- **Directions**: Retype each of the entries below exactly as written.

::: Records for this exercise

lemma exits_disjoint:
  "z \<in> exits a p \<Longrightarrow> z' \<in> exits a p \<Longrightarrow> z \<noteq> z' \<Longrightarrow> Lf z \<inter> Lf z' = {}"
  using exits_prefix_imp_eq Lf_disjoint_if_parallel by (metis parallelI)

lemma strict_prefix_in_exits_iff:
  assumes "u \<in> insert a (exits a p)" "w \<in> insert a (exits a p)"
  shows "strict_prefix u w \<longleftrightarrow> u = a \<and> w \<in> exits a p"
proof
  assume sp: "strict_prefix u w"
  have "u \<notin> exits a p"
  proof
    assume u: "u \<in> exits a p"
    show False
    proof (cases "w = a")
      case True
      moreover have "strict_prefix a u" using u unfolding exits_def by blast
      ultimately show False using sp prefix_order.less_not_sym by blast
    next
      case False
      hence "w \<in> exits a p" using assms(2) by blast
      thus False using exits_prefix_imp_eq[OF u] sp by (auto simp: strict_prefix_def)
    qed
  qed
  hence "u = a" using assms(1) by blast
  moreover have "w \<noteq> a" using sp \<open>u = a\<close> by simp
  ultimately show "u = a \<and> w \<in> exits a p" using assms(2) by blast
next
  assume "u = a \<and> w \<in> exits a p"
  thus "strict_prefix u w" unfolding exits_def by blast
qed

lemma infinite_exits:
  assumes "infinite (UNIV :: 'c set)" "p \<in> Lf a"
  shows "infinite (exits a p)"
proof -
  define Cs where "Cs = {c. p \<notin> Lf (a @ [c])}"
  have "UNIV - Cs \<subseteq> {c0}" if "c0 \<in> UNIV - Cs" for c0
    using that Lf_sons_disjoint[of _ c0 a] unfolding Cs_def by blast
  hence "finite (UNIV - Cs)" by (metis finite.emptyI finite_subset finite_insert equals0I)
  hence "infinite Cs" using assms(1) by (metis Diff_infinite_finite)
  moreover have "(\<lambda>c. a @ [c]) ` Cs \<subseteq> exits a p"
    using assms(2) unfolding exits_def Cs_def by (auto simp: strict_prefix_def)
  moreover have "inj (\<lambda>c. a @ [c])" by (auto simp: inj_def)
  ultimately show ?thesis by (metis finite_imageD finite_subset inj_on_subset subset_UNIV)
qed
(* Let $(\mathsf{E},\mathcal{F},\mu)$ be a probability space and let $P$ be a $\mu$-invariant Markov kernel on $\mathsf{E}$. Let $\Phi:\mathrm{L}^{2}(\mu)\to[0,\infty]$ satisfy, for all $f\in\mathrm{L}^{2}(\mu)$, $c>0$ and $n\in\mathbb{N}$, \[ \Phi(cf)=c^{2}\Phi(f),\qquad\Phi(P^{n}f)\le\Phi(f),\qquad\|f-\mu(f)\|_{2}^{2}\le a\,\Phi(f-\mu(f)), \] where $a:=\sup_{f\in\mathrm{L}_{0}^{2}(\mu)\setminus\{0\}}\|f\|_{2}^{2}/\Phi(f)\in(0,\infty)$. Suppose that $\beta:(0,\infty)\to[0,\infty)$ is decreasing with $\beta(s)\downarrow0$ as $s\to\infty$ and that for all $f\in\mathrm{L}_{0}^{2}(\mu)$ and all $s>0$, \[ \|f\|_{2}^{2}\le s\,\mathcal{E}(P^{*}P,f)+\beta(s)\Phi(f). \] Let $K(u):=u\beta(1/u)$ for $u>0$, $K(0):=0$, let $K^{*}(v):=\sup_{u\ge0}\{uv-K(u)\}$ for $v\ge0$, and let $F_{a}(x):=\int_{x}^{a}\frac{\mathrm{d}v}{K^{*}(v)}$ for $x\in(0,a]$. Then $F_{a}$ is continuous, convex and strictly decreasing with $F_{a}(x)\to\infty$ as $x\downarrow0$, so it has an inverse $F_{a}^{-1}:(0,\infty)\to(0,a)$, and for every $f\in\mathrm{L}_{0}^{2}(\mu)$ with $0<\Phi(f)<\infty$ and every $n\in\mathbb{N}$, \[ \|P^{n}f\|_{2}^{2}\le\Phi(f)\,F_{a}^{-1}(n). \]
   Context: $\mathrm{L}^{2}(\mu)$ is the real Hilbert space of square-integrable functions with inner product $\langle f,g\rangle=\int fg\,\mathrm{d}\mu$ and norm $\|\cdot\|_{2}$; $\mathrm{L}_{0}^{2}(\mu)=\{f\in\mathrm{L}^{2}(\mu):\mu(f)=0\}$. $P$ acts on functions by $Pf(x)=\int P(x,\mathrm{d}y)f(y)$, and $P^{*}$ is its adjoint in $\mathrm{L}^{2}(\mu)$. For a bounded operator $T$ on $\mathrm{L}^{2}(\mu)$, the Dirichlet form is $\mathcal{E}(T,f):=\langle(\mathrm{Id}-T)f,f\rangle$. $\mathbb{N}=\{1,2,\dots\}$. *)

theory Defs
  imports "HOL-Probability.Probability"
begin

::::::

- **Answer to this exercise**:
lemma exits_disjoint:
  "z \<in> exits a p \<Longrightarrow> z' \<in> exits a p \<Longrightarrow> z \<noteq> z' \<Longrightarrow> Lf z \<inter> Lf z' = {}"
  using exits_prefix_imp_eq Lf_disjoint_if_parallel by (metis parallelI)

lemma strict_prefix_in_exits_iff:
  assumes "u \<in> insert a (exits a p)" "w \<in> insert a (exits a p)"
  shows "strict_prefix u w \<longleftrightarrow> u = a \<and> w \<in> exits a p"
proof
  assume sp: "strict_prefix u w"
  have "u \<notin> exits a p"
  proof
    assume u: "u \<in> exits a p"
    show False
    proof (cases "w = a")
      case True
      moreover have "strict_prefix a u" using u unfolding exits_def by blast
      ultimately show False using sp prefix_order.less_not_sym by blast
    next
      case False
      hence "w \<in> exits a p" using assms(2) by blast
      thus False using exits_prefix_imp_eq[OF u] sp by (auto simp: strict_prefix_def)
    qed
  qed
  hence "u = a" using assms(1) by blast
  moreover have "w \<noteq> a" using sp \<open>u = a\<close> by simp
  ultimately show "u = a \<and> w \<in> exits a p" using assms(2) by blast
next
  assume "u = a \<and> w \<in> exits a p"
  thus "strict_prefix u w" unfolding exits_def by blast
qed

lemma infinite_exits:
  assumes "infinite (UNIV :: 'c set)" "p \<in> Lf a"
  shows "infinite (exits a p)"
proof -
  define Cs where "Cs = {c. p \<notin> Lf (a @ [c])}"
  have "UNIV - Cs \<subseteq> {c0}" if "c0 \<in> UNIV - Cs" for c0
    using that Lf_sons_disjoint[of _ c0 a] unfolding Cs_def by blast
  hence "finite (UNIV - Cs)" by (metis finite.emptyI finite_subset finite_insert equals0I)
  hence "infinite Cs" using assms(1) by (metis Diff_infinite_finite)
  moreover have "(\<lambda>c. a @ [c]) ` Cs \<subseteq> exits a p"
    using assms(2) unfolding exits_def Cs_def by (auto simp: strict_prefix_def)
  moreover have "inj (\<lambda>c. a @ [c])" by (auto simp: inj_def)
  ultimately show ?thesis by (metis finite_imageD finite_subset inj_on_subset subset_UNIV)
qed
(* Let $(\mathsf{E},\mathcal{F},\mu)$ be a probability space and let $P$ be a $\mu$-invariant Markov kernel on $\mathsf{E}$. Let $\Phi:\mathrm{L}^{2}(\mu)\to[0,\infty]$ satisfy, for all $f\in\mathrm{L}^{2}(\mu)$, $c>0$ and $n\in\mathbb{N}$, \[ \Phi(cf)=c^{2}\Phi(f),\qquad\Phi(P^{n}f)\le\Phi(f),\qquad\|f-\mu(f)\|_{2}^{2}\le a\,\Phi(f-\mu(f)), \] where $a:=\sup_{f\in\mathrm{L}_{0}^{2}(\mu)\setminus\{0\}}\|f\|_{2}^{2}/\Phi(f)\in(0,\infty)$. Suppose that $\beta:(0,\infty)\to[0,\infty)$ is decreasing with $\beta(s)\downarrow0$ as $s\to\infty$ and that for all $f\in\mathrm{L}_{0}^{2}(\mu)$ and all $s>0$, \[ \|f\|_{2}^{2}\le s\,\mathcal{E}(P^{*}P,f)+\beta(s)\Phi(f). \] Let $K(u):=u\beta(1/u)$ for $u>0$, $K(0):=0$, let $K^{*}(v):=\sup_{u\ge0}\{uv-K(u)\}$ for $v\ge0$, and let $F_{a}(x):=\int_{x}^{a}\frac{\mathrm{d}v}{K^{*}(v)}$ for $x\in(0,a]$. Then $F_{a}$ is continuous, convex and strictly decreasing with $F_{a}(x)\to\infty$ as $x\downarrow0$, so it has an inverse $F_{a}^{-1}:(0,\infty)\to(0,a)$, and for every $f\in\mathrm{L}_{0}^{2}(\mu)$ with $0<\Phi(f)<\infty$ and every $n\in\mathbb{N}$, \[ \|P^{n}f\|_{2}^{2}\le\Phi(f)\,F_{a}^{-1}(n). \]
   Context: $\mathrm{L}^{2}(\mu)$ is the real Hilbert space of square-integrable functions with inner product $\langle f,g\rangle=\int fg\,\mathrm{d}\mu$ and norm $\|\cdot\|_{2}$; $\mathrm{L}_{0}^{2}(\mu)=\{f\in\mathrm{L}^{2}(\mu):\mu(f)=0\}$. $P$ acts on functions by $Pf(x)=\int P(x,\mathrm{d}y)f(y)$, and $P^{*}$ is its adjoint in $\mathrm{L}^{2}(\mu)$. For a bounded operator $T$ on $\mathrm{L}^{2}(\mu)$, the Dirichlet form is $\mathcal{E}(T,f):=\langle(\mathrm{Id}-T)f,f\rangle$. $\mathbb{N}=\{1,2,\dots\}$. *)

theory Defs
  imports "HOL-Probability.Probability"
begin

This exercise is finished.